From 22nd August to 21st September, 2024, Art SoHyang will host the exhibition “Traces” by SEO Yeji (b. 1995~), LEE Na (b. 1986~), and LEE Youngji (b. 1975~), which interprets the unique atmosphere of traditional Korean colored painting techniques with a more modern sensibility.
Joseph Benoît Suvée’s “The Invention of the Art of Drawing” (1791), which was included in the exhibition “Memories of the Blind: The Self-Portrait and Other Ruins” curated by French philosopher Jacques Derrida at the Louvre Museum in 1990, deals with the mythical origins of beautiful yet sad paintings. In the work, Butades, a woman from Corinth in ancient Greece, draws the shadow of her lover on the wall by the light of a lamp to remember him after parting with him. Through this work, which best reflects the intention of the exhibition, Derrida attempted to reveal that the source of art is not perception as claimed in aesthetics, but ‘memory’. He wanted to symbolically show that paintings depend on the invisible rather than the visible.
The woman draws the shadow of her lover who will leave for the battlefield when the sun rises, but conversely, she cannot see him while leaving him as a trace. The origin of drawing, which draws pictures, is ultimately metaphorized as a state of ‘blindness’. In the creation of visual art, the artist cannot look at the object and the work at the same time, whether it is abstract or concrete. In addition, the shadow left as a trace indicates that the object is ‘present’ while also implying its ‘absence’. The artist becomes Derrida’s ‘blind’ in either the object or the picture (shadow), and the picture is born through the endless repetition of presence and absence. In other words, the writers do not want to draw what is visible, but rather the invisible ‘memory’.

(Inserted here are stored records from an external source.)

lemma sign_eq_1_if_funpow_odd_eq_id:
  assumes "permutation f" "f ^^ k = id" "odd k"
  shows "sign f = 1"
proof -
  have "sign f ^ k = 1" using sign_funpow[OF assms(1), of k] assms(2) by simp
  then show ?thesis using assms(3) by (cases "evenperm f") (simp_all add: sign_def)
qed

lemma bij_betw_funpow_prime_order:
  assumes perm: "f permutes S" and card: "card S = p" and p: "prime p"
    and order: "f ^^ p = id" and x: "x \<in> S" "f x \<noteq> x"
  shows "bij_betw (\<lambda>i. (f ^^ i) x) {..<p} S"
proof -
  have fin: "finite S" using card p by (metis card.infinite not_prime_0)
  have "permutation f" using perm fin by (metis permutation_permutes)
  moreover have "least_power f x = p"
  proof -
    have "least_power f x dvd p" using least_power_minimal[of p f x] order by simp
    moreover have "least_power f x \<noteq> 1"
      using least_power_gt_one[OF \<open>permutation f\<close> x(2)] by simp
    ultimately show ?thesis using p by (auto simp: prime_nat_iff)
  qed
  ultimately have "inj_on (\<lambda>i. (f ^^ i) x) {..<p}"
    using cycle_of_permutation[of f x] by (simp add: distinct_map atLeast_upt)
  moreover have "(\<lambda>i. (f ^^ i) x) ` {..<p} \<subseteq> S"
    using permutes_in_funpow_image[OF perm x(1)] by auto
  ultimately show ?thesis
    using card fin by (simp add: bij_betw_def card_image card_subset_eq)
qed

lemma invariant_const_if_prime_order:
  assumes perm: "f permutes S" and card: "card S = p" and p: "prime p"
    and order: "f ^^ p = id" and nontriv: "f \<noteq> id"
    and inv: "\<And>x. x \<in> S \<Longrightarrow> g (f x) = g x" and xy: "x \<in> S" "y \<in> S"
  shows "g x = g y"
proof -
  obtain x0 where x0: "f x0 \<noteq> x0" using nontriv by (metis eq_id_iff)
  then have "x0 \<in> S" using perm by (meson permutes_not_in)
  have const: "g ((f ^^ i) x0) = g x0" for i
  proof (induction i)
    case (Suc i)
    then show ?case
      using inv permutes_in_funpow_image[OF perm \<open>x0 \<in> S\<close>, of i] by simp
  qed simp
  have "S = (\<lambda>i. (f ^^ i) x0) ` {..<p}"
    using bij_betw_funpow_prime_order[OF perm card p order \<open>x0 \<in> S\<close> x0]
    by (simp add: bij_betw_def)
  then show ?thesis using xy const by auto
qed

lemma nat_pow_carrier_update: "x [^]\<^bsub>G\<lparr>carrier := A\<rparr>\<^esub> (n::nat) = x [^]\<^bsub>G\<^esub> n"
  by (simp add: nat_pow_def)

lemma (in group) subgroup_has_elem_pow_prime_eq_one:
  assumes fin: "finite (carrier G)" and K: "subgroup K G" and p: "prime p" and dvd: "p dvd card K"
  shows "\<exists>x\<in>K. x \<noteq> \<one> \<and> x [^] p = \<one>"
proof -
  interpret K: group "G\<lparr>carrier := K\<rparr>" using subgroup_imp_group[OF K] .
  have finK: "finite K" using fin K subgroup.subset finite_subset by blast
  obtain m where "order (G\<lparr>carrier := K\<rparr>) = p ^ 1 * m" using dvd by (auto simp: order_def)
  then obtain H where H: "subgroup H (G\<lparr>carrier := K\<rparr>)" "card H = p"
    using sylow_thm[OF p K.is_group _] finK by fastforce
  have "\<not> H \<subseteq> {\<one>}"
  proof
    assume "H \<subseteq> {\<one>}"
    then have "card H \<le> 1" using card_mono[of "{\<one>}" H] by simp
    then show False using H(2) prime_gt_1_nat[OF p] by simp
  qed
  then obtain x where x: "x \<in> H" "x \<noteq> \<one>" by blast
  interpret H: group "G\<lparr>carrier := K\<rparr>\<lparr>carrier := H\<rparr>" using K.subgroup_imp_group[OF H(1)] .
  have "H \<subseteq> K" using subgroup.subset[OF H(1)] by simp
  then have "x [^]\<^bsub>G\<lparr>carrier := K\<rparr>\<lparr>carrier := H\<rparr>\<^esub> p = \<one>"
    using H.pow_order_eq_1[of x] H(2) finite_subset[OF _ finK] x(1) by (simp add: order_def)
  then have "x [^] p = \<one>" by (simp only: nat_pow_carrier_update)
  then show ?thesis using x \<open>H \<subseteq> K\<close> by blast
qed

lemma (in group_hom) card_image_mult_card_kernel:
  "card (h ` carrier G) * card (kernel G H h) = order G"
proof -
  let ?I = "H\<lparr>carrier := h ` carrier G\<rparr>"
  have "group ?I" by (rule H.subgroup_imp_group[OF img_is_subgroup])
  moreover have "h \<in> hom G ?I" by (auto simp: hom_def)
  ultimately interpret hI: group_hom G ?I h
    by (simp add: group_hom_def group_hom_axioms_def G.group_axioms)
  have "kernel G ?I h = kernel G H h" by (simp add: kernel_def)
  moreover have "G Mod kernel G ?I h \<cong> ?I" by (rule hI.FactGroup_iso) simp
  ultimately have "card (carrier (G Mod kernel G H h)) = card (h ` carrier G)"
    using iso_same_card by fastforce
  then have "card (rcosets (kernel G H h)) = card (h ` carrier G)"
    by (simp add: FactGroup_def)
  then show ?thesis using G.lagrange[OF subgroup_kernel] by simp
qed

lemma (in group_hom) kernel_has_elem_pow_prime_eq_one:
  assumes fin: "finite (carrier G)" and p: "prime p"
    and dvd: "p^2 dvd order G" and not_dvd: "\<not> p^2 dvd order H"
  shows "\<exists>x\<in>carrier G. h x = \<one>\<^bsub>H\<^esub> \<and> x \<noteq> \<one> \<and> x [^] p = \<one>"
proof -
  have "card (h ` carrier G) dvd order H"
    using H.lagrange[OF img_is_subgroup] by (metis dvd_triv_right)
  then have "\<not> p^2 dvd card (h ` carrier G)" using not_dvd dvd_trans by blast
  have "p dvd card (kernel G H h)"
  proof (rule ccontr)
    assume "\<not> p dvd card (kernel G H h)"
    then have "coprime (p^2) (card (kernel G H h))" using p by (simp add: prime_imp_coprime)
    then have "p^2 dvd card (h ` carrier G)"
      using dvd by (simp add: card_image_mult_card_kernel[symmetric] coprime_dvd_mult_left_iff)
    with \<open>\<not> p^2 dvd card (h ` carrier G)\<close> show False ..
  qed
  then obtain x where "x \<in> kernel G H h" "x \<noteq> \<one>" "x [^] p = \<one>"
    using G.subgroup_has_elem_pow_prime_eq_one[OF fin subgroup_kernel p] by blast
  then show ?thesis by (auto simp: kernel_def)
qed

lemma prime_square_not_dvd_fact:
  assumes p: "prime (p::nat)"
  shows "\<not> p^2 dvd fact p"
proof
  have p0: "0 < p" using p by (rule prime_gt_0_nat)
  assume "p^2 dvd fact p"
  then have "p * p dvd p * fact (p - 1)"
    using fact_reduce[OF p0, where 'a = nat] by (simp add: power2_eq_square)
  then have "p dvd fact (p - 1)" using p0 by simp
  then show False using prime_dvd_fact_iff[OF p] p0 by simp
qed

definition perm_group :: "'a set \<Rightarrow> ('a \<Rightarrow> 'a) monoid" where
  "perm_group S = \<lparr>carrier = {f. f permutes S}, mult = (\<circ>), one = id\<rparr>"

lemma group_perm_group: "group (perm_group S)"
  by (rule groupI)
     (auto simp: perm_group_def permutes_compose permutes_id comp_assoc
       intro!: exI[where x = "Hilbert_Choice.inv _"] permutes_inv permutes_inv_o)

lemma order_perm_group: "finite S \<Longrightarrow> order (perm_group S) = fact (card S)"
  by (simp add: order_def perm_group_def card_permutations)

definition transposed :: "(nat \<Rightarrow> nat \<Rightarrow> nat) \<Rightarrow> nat \<Rightarrow> nat \<Rightarrow> nat" where
  "transposed L = (\<lambda>r c. L c r)"

lemma transposed_transposed [simp]: "transposed (transposed L) = L"
  by (simp add: transposed_def)

lemma latin_square_transposed: "latin_square n L \<Longrightarrow> latin_square n (transposed L)"
  by (simp add: latin_square_def transposed_def)

lemma col_perm_eq_row_perm_transposed: "col_perm n L = row_perm n (transposed L)"
  by (simp add: col_perm_def row_perm_def transposed_def fun_eq_iff)

lemma parity_type_transposed: "parity_type n (transposed L) = prod.swap (parity_type n L)"
  using col_perm_eq_row_perm_transposed[of n L] col_perm_eq_row_perm_transposed[of n "transposed L"]
  by (simp add: parity_type_def)
theorem lemma3:
  fixes eps0 :: real and N :: nat and A :: "nat \<Rightarrow> real \<Rightarrow> real"
    and hA kA :: "nat \<Rightarrow> int" and \<delta>A GA epsA :: "nat \<Rightarrow> real"
    and a :: "nat \<Rightarrow> int \<Rightarrow> real"
  assumes "0 < eps0" and "eps0 \<le> 1" and "1 \<le> N"
    and "\<forall>m\<in>{1..N}. expansion eps0 (A m) (hA m) (kA m) (\<delta>A m) (GA m) (epsA m) (a m)"
  shows "\<forall>n\<in>{1..N}.
    expansion eps0 (\<lambda>\<epsilon>. \<Sum>m=1..n. A m \<epsilon>) (sumB_h n hA) (sumB_k n kA)
       (sumB_delta n kA \<delta>A) (sumB_G n hA kA \<delta>A GA epsA a) (sumB_eps n epsA) (sumB_coef n hA kA a)
    \<and> Min (\<delta>A ` {1..n}) \<le> sumB_delta n kA \<delta>A
    \<and> expansion eps0 (\<lambda>\<epsilon>. \<Prod>m=1..n. A m \<epsilon>) (prodC_h n hA) (prodC_k n hA kA)
       (prodC_delta n hA kA \<delta>A) (prodC_G n hA kA \<delta>A GA epsA a) (prodC_eps n epsA) (prodC_coef n hA kA a)
    \<and> Min (\<delta>A ` {1..n}) \<le> prodC_delta n hA kA \<delta>A
    \<and> (\<forall>\<sigma>. \<sigma> permutes {1..n} \<longrightarrow>
         sumB_delta n (kA \<circ> \<sigma>) (\<delta>A \<circ> \<sigma>) = sumB_delta n kA \<delta>A
       \<and> sumB_G n (hA \<circ> \<sigma>) (kA \<circ> \<sigma>) (\<delta>A \<circ> \<sigma>) (GA \<circ> \<sigma>) (epsA \<circ> \<sigma>) (a \<circ> \<sigma>)
           = sumB_G n hA kA \<delta>A GA epsA a
       \<and> sumB_eps n (epsA \<circ> \<sigma>) = sumB_eps n epsA
       \<and> prodC_delta n (hA \<circ> \<sigma>) (kA \<circ> \<sigma>) (\<delta>A \<circ> \<sigma>) = prodC_delta n hA kA \<delta>A
       \<and> prodC_G n (hA \<circ> \<sigma>) (kA \<circ> \<sigma>) (\<delta>A \<circ> \<sigma>) (GA \<circ> \<sigma>) (epsA \<circ> \<sigma>) (a \<circ> \<sigma>)
           = prodC_G n hA kA \<delta>A GA epsA a
       \<and> prodC_eps n (epsA \<circ> \<sigma>) = prodC_eps n epsA)"
  using assms(4)
  by (intro ballI conjI allI impI expansion_sum expansion_prod Min_le_sumB_delta Min_le_prodC_delta
      sumB_delta_permute sumB_G_permute sumB_eps_permute
      prodC_delta_permute prodC_G_permute prodC_eps_permute) auto

end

The artists of , SEO Yeji, LEE Na, and LEE Youngji, repeat the act of leaving traces to ‘remember’ what they have lost in life, just like Butades’ wish to remember her lover. No one can be free from the pain of loss. Since no value or happiness is eternal, moments of despair and emotion appear simultaneously in a life where joy, sorrow, and pleasure are repeated. I expect this exhibition to be one that can recall happiness and loss at the same time through the shadows of memories, not visual objects, and the traces left by those shadows.